● GIVEN INFORMATION
+++

lemma U_greedy_Cons_imp: "U_greedy m (a # ds) \<Longrightarrow> U_greedy m ds"
  unfolding U_greedy_def
proof (intro allI impI)
  fix i
  assume greedy: "\<forall>i<length (a # ds). U_value m (take (Suc i) (a # ds)) < Useq m (Suc i)"
    and i: "i < length ds"
  define t where "t = take (Suc i) ds"
  have "U_value m (a # t) < Useq m (Suc (Suc i))"
    using greedy i unfolding t_def by fastforce
  then have "real_of_int (U_value m (a # t)) \<le> \<beta> * Useq m (Suc i) + 1 / \<beta> ^ Suc (Suc i) - 1"
    using Useq_Suc_eq[of "Suc i"] by linarith
  also have "\<dots> < \<beta> * Useq m (Suc i)"
    using one_less_power[OF beta_gt_1, of "Suc (Suc i)"] by simp
  finally have "real_of_int (U_value m (a # t)) / \<beta> < Useq m (Suc i)"
    using beta_pos by (simp add: field_simps)
  then have "real_of_int (U_value m t) < Useq m (Suc i)"
    unfolding U_value_Cons_div_beta using beta_value_nonneg[of \<beta> "a # t"] beta_pos by linarith
  then show "U_value m (take (Suc i) ds) < Useq m (Suc i)"
    unfolding t_def by linarith
qed

lemma U_greedy_drop: "U_greedy m ds \<Longrightarrow> U_greedy m (drop j ds)"
proof (induction j arbitrary: ds)
  case (Suc j)
  then show ?case
    by (cases ds) (auto dest: U_greedy_Cons_imp)
qed simp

+++

● PROBLEM DETAILS
Copy out exactly the lines running from the line with "proof (induction j arbitrary: ds)" to the end of the records, inclusive.

● RESPONSE
proof (induction j arbitrary: ds)
  case (Suc j)
  then show ?case
    by (cases ds) (auto dest: U_greedy_Cons_imp)
qed simp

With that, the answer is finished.